The Declaration of Independence of the Thirteen Colonies
In CONGRESS, July 4, 1776

The unanimous Declaration of the thirteen united States of America,

When in the Course of human events, it becomes necessary for one people to dissolve the political bands which have connected them with another, and to assume among the powers of the earth, the separate and equal station to which the Laws of Nature and of Nature's God entitle them, a decent respect to the opinions of mankind requires that they should declare the causes which impel them to the separation.
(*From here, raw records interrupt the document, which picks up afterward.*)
(* Let $A$ be a $\boldsymbol{\mathit{ba}\ell}$-algebra and $I$ an $\ell$-ideal of $A$. Then the archimedean hull of $I$ is $$[\![I]\!]=\{x\in A\mid (n|x|-1)^+\in I \text{ for all integers } n\ge 1\}.$$
   Context: A $\boldsymbol{\mathit{ba}\ell}$-algebra is a commutative unital lattice-ordered algebra $A$ over $\mathbb R$ that is bounded (for every $a\in A$ there is an integer $n\ge1$ with $a\le n\cdot1$) and archimedean (if $na\le b$ for all $n\ge1$ then $a\le0$); a real $r$ is identified with $r\cdot 1$. For $a\in A$: $a^+=a\vee0$, $a^-=(-a)\vee0$, $|a|=a\vee(-a)$. An $\ell$-ideal is a ring ideal $I$ such that $|a|\le|b|$ and $b\in I$ imply $a\in I$; it is archimedean if $A/I$ is archimedean. For $S\subseteq A$, the archimedean hull $[\![S]\!]$ is the intersection of all archimedean $\ell$-ideals of $A$ containing $S$. *)

theory Defs
  imports Complex_Main "HOL-Library.Lattice_Algebras"
begin

class bal_algebra = comm_ring_1 + lattice_ring + real_algebra_1 + ordered_real_vector +
  assumes bounded: "\<exists>n::nat. n \<ge> 1 \<and> a \<le> of_nat n"
  assumes archimedean: "(\<And>n::nat. n \<ge> 1 \<Longrightarrow> of_nat n * a \<le> b) \<Longrightarrow> a \<le> 0"

definition pos_part :: "'a::lattice_ring \<Rightarrow> 'a" where
  "pos_part a = sup a 0"

definition ring_ideal :: "'a::comm_ring_1 set \<Rightarrow> bool" where
  "ring_ideal I \<longleftrightarrow> 0 \<in> I \<and> (\<forall>x\<in>I. \<forall>y\<in>I. x + y \<in> I) \<and> (\<forall>x\<in>I. - x \<in> I)
     \<and> (\<forall>a x. x \<in> I \<longrightarrow> a * x \<in> I)"

definition l_ideal :: "'a::bal_algebra set \<Rightarrow> bool" where
  "l_ideal I \<longleftrightarrow> ring_ideal I \<and> (\<forall>a b. \<bar>a\<bar> \<le> \<bar>b\<bar> \<and> b \<in> I \<longrightarrow> a \<in> I)"

text \<open>Order on the quotient A/I, induced from the quotient lattice:
  [a] \<le> [b] iff inf [a] [b] = [a] iff (inf a b) - a \<in> I.\<close>
definition quot_le :: "'a::bal_algebra set \<Rightarrow> 'a \<Rightarrow> 'a \<Rightarrow> bool" where
  "quot_le I a b \<longleftrightarrow> inf a b - a \<in> I"

text \<open>I is archimedean iff A/I is archimedean (stated in terms of representatives).\<close>
definition archimedean_l_ideal :: "'a::bal_algebra set \<Rightarrow> bool" where
  "archimedean_l_ideal I \<longleftrightarrow> l_ideal I \<and>
     (\<forall>a b. (\<forall>n::nat. n \<ge> 1 \<longrightarrow> quot_le I (of_nat n * a) b) \<longrightarrow> quot_le I a 0)"

definition arch_hull :: "'a::bal_algebra set \<Rightarrow> 'a set" where
  "arch_hull S = \<Inter> {I. archimedean_l_ideal I \<and> S \<subseteq> I}"

end

theory Submission imports Defs begin

text \<open>
  The set \<open>J = {x. \<forall>n\<ge>1. (n\<bar>x\<bar> - 1)\<^sup>+ \<in> I}\<close> is an \<open>\<ell>\<close>-ideal containing \<open>I\<close>, and it lies in
  every archimedean \<open>\<ell>\<close>-ideal \<open>K \<supseteq> I\<close>, because each \<open>x \<in> J\<close> satisfies \<open>n\<bar>x\<bar> \<le> 1\<close> modulo \<open>K\<close>
  for all \<open>n\<close>. It remains to see that \<open>J\<close> is itself archimedean. If \<open>na \<le> b\<close> modulo \<open>J\<close> for all
  \<open>n\<close> and \<open>b \<le> m\<close>, then \<open>c = a\<^sup>+\<close> satisfies \<open>(kc - m)\<^sup>+ \<in> J\<close> for all \<open>k\<close>, hence
  \<open>((kc - m)\<^sup>+ - 1)\<^sup>+ \<in> I\<close>. Taking \<open>k = (m+1)n\<close> and using
  \<open>(nc - 1)\<^sup>+ \<le> (m+1)(nc - 1)\<^sup>+ = ((m+1)nc - m - 1)\<^sup>+ \<le> (((m+1)nc - m)\<^sup>+ - 1)\<^sup>+\<close>
  gives \<open>c \<in> J\<close>, i.e. \<open>a \<le> 0\<close> modulo \<open>J\<close>.
\<close>

lemma of_nat_mult_eq_scaleR: "of_nat n * x = real n *\<^sub>R (x :: 'a::real_algebra_1)"
  by (metis of_real_of_nat_eq scaleR_conv_of_real)

lemma scaleR_sup:
  fixes a b :: "'a::{lattice_ab_group_add, ordered_real_vector}"
  assumes "0 \<le> r"
  shows "r *\<^sub>R sup a b = sup (r *\<^sub>R a) (r *\<^sub>R b)"
proof (cases "r = 0")
  case False
  with assms have r: "0 < r" by simp
  show ?thesis
  proof (rule antisym)
    define s where "s = sup (r *\<^sub>R a) (r *\<^sub>R b)"
    have s: "r *\<^sub>R (inverse r *\<^sub>R s) = s"
      using r by simp
    have "r *\<^sub>R a \<le> r *\<^sub>R (inverse r *\<^sub>R s)" "r *\<^sub>R b \<le> r *\<^sub>R (inverse r *\<^sub>R s)"
      unfolding s by (simp_all add: s_def)
    then have "a \<le> inverse r *\<^sub>R s" "b \<le> inverse r *\<^sub>R s"
      using scaleR_le_cancel_left_pos[OF r] by blast+
    then have "sup a b \<le> inverse r *\<^sub>R s"
      by simp
    then have "r *\<^sub>R sup a b \<le> r *\<^sub>R (inverse r *\<^sub>R s)"
      by (rule scaleR_left_mono) (use r in simp)
    then have "r *\<^sub>R sup a b \<le> s"
      by (simp only: s)
    then show "r *\<^sub>R sup a b \<le> sup (r *\<^sub>R a) (r *\<^sub>R b)"
      by (simp only: s_def)
    show "sup (r *\<^sub>R a) (r *\<^sub>R b) \<le> r *\<^sub>R sup a b"
      using assms by (simp add: scaleR_left_mono)
  qed
qed simp

lemma pprt_scaleR:
  fixes a :: "'a::{lattice_ab_group_add, ordered_real_vector}"
  shows "0 \<le> r \<Longrightarrow> pprt (r *\<^sub>R a) = r *\<^sub>R pprt a"
  by (simp add: pprt_def scaleR_sup)

lemma pprt_le_scaleR_pprt:
  fixes a :: "'a::{lattice_ab_group_add, ordered_real_vector}"
  shows "1 \<le> r \<Longrightarrow> pprt a \<le> r *\<^sub>R pprt a"
  using scaleR_right_mono[of 1 r "pprt a"] by simp

lemma pprt_diff_le_pprt_pprt_diff:
  fixes t u :: "'a::{lattice_ab_group_add, ordered_real_vector}"
  assumes "0 \<le> m"
  shows "pprt (t - u) \<le> pprt (pprt ((m + 1) *\<^sub>R t - m *\<^sub>R u) - u)"
proof -
  have "pprt (t - u) \<le> (m + 1) *\<^sub>R pprt (t - u)"
    using assms by (intro pprt_le_scaleR_pprt) simp
  also have "\<dots> = pprt ((m + 1) *\<^sub>R (t - u))"
    using assms by (simp add: pprt_scaleR)
  also have "\<dots> = pprt ((m + 1) *\<^sub>R t - m *\<^sub>R u - u)"
    by (rule arg_cong[where f = pprt]) (simp add: algebra_simps)
  also have "\<dots> \<le> pprt (pprt ((m + 1) *\<^sub>R t - m *\<^sub>R u) - u)"
    by (intro pprt_mono diff_right_mono) (simp add: pprt_def)
  finally show ?thesis .
qed

lemma pprt_scaleR_pprt_diff_le:
  fixes a b M :: "'a::{lattice_ab_group_add, ordered_real_vector}"
  assumes "0 \<le> k" "b \<le> M" "0 \<le> M"
  shows "pprt (k *\<^sub>R pprt a - M) \<le> pprt (k *\<^sub>R a - b)"
proof -
  have "k *\<^sub>R pprt a = sup (k *\<^sub>R a) 0"
    using assms(1) by (simp add: pprt_def scaleR_sup)
  then have "k *\<^sub>R pprt a - M = sup (k *\<^sub>R a - M) (- M)"
    using add_sup_distrib_right[of "k *\<^sub>R a" 0 "- M"] by simp
  also have "\<dots> \<le> pprt (k *\<^sub>R a - b)"
    using assms(2,3) by (auto simp: pprt_def intro: le_supI1 order_trans[of "- M" 0])
  finally show ?thesis
    by (simp add: pprt_def)
qed

text \<open>In a unital \<open>\<ell>\<close>-ring the unit need not be positive; here boundedness forces it.\<close>

lemma bal_zero_le_one: "(0::'a::bal_algebra) \<le> 1"
proof -
  define p q :: 'a where "p = pprt 1" and "q = pprt (- 1)"
  have "p - q = 1"
    using prts[of "1::'a"] by (simp add: p_def q_def pprt_neg)
  obtain n :: nat where n: "n \<ge> 1" "q \<le> of_nat n"
    using bounded by blast
  then have "q \<le> real n *\<^sub>R (p - q)"
    using \<open>p - q = 1\<close> of_nat_mult_eq_scaleR[of n "1::'a"] by simp
  then have "q + real n *\<^sub>R q \<le> real n *\<^sub>R p"
    by (simp add: scaleR_right_diff_distrib le_diff_eq)
  moreover have "real n *\<^sub>R q \<le> q + real n *\<^sub>R q"
    by (simp add: q_def)
  ultimately have "real n *\<^sub>R q \<le> real n *\<^sub>R p"
    by (rule order.trans[rotated])
  moreover have "0 < real n"
    using n(1) by simp
  ultimately have "q \<le> p"
    using scaleR_le_cancel_left_pos by blast
  then have "0 \<le> p - q"
    by simp
  then show ?thesis
    using \<open>p - q = 1\<close> by simp
qed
We hold these truths to be self-evident, that all men are created equal, that they are endowed by their Creator with certain unalienable Rights, that among these are Life, Liberty and the pursuit of Happiness. --That to secure these rights, Governments are instituted among Men, deriving their just powers from the consent of the governed, --That whenever any Form of Government becomes destructive of these ends, it is the Right of the People to alter or to abolish it, and to institute new Government, laying its foundation on such principles and organizing its powers in such form, as to them shall seem most likely to effect their Safety and Happiness. Prudence, indeed, will dictate that Governments long established should not be changed for light and transient causes; and accordingly all experience hath shewn, that mankind are more disposed to suffer, while evils are sufferable, than to right themselves by abolishing the forms to which they are accustomed. But when a long train of abuses and usurpations, pursuing invariably the same Object evinces a design to reduce them under absolute Despotism, it is their right, it is their duty, to throw off such Government, and to provide new Guards for their future security. —Such has been the patient sufferance of these Colonies; and such is now the necessity which constrains them to alter their former Systems of Government. The history of the present King of Great Britain [George III] is a history of repeated injuries and usurpations, all having in direct object the establishment of an absolute Tyranny over these States. To prove this, let Facts be submitted to a candid world.

He has refused his Assent to Laws, the most wholesome and necessary for the public good.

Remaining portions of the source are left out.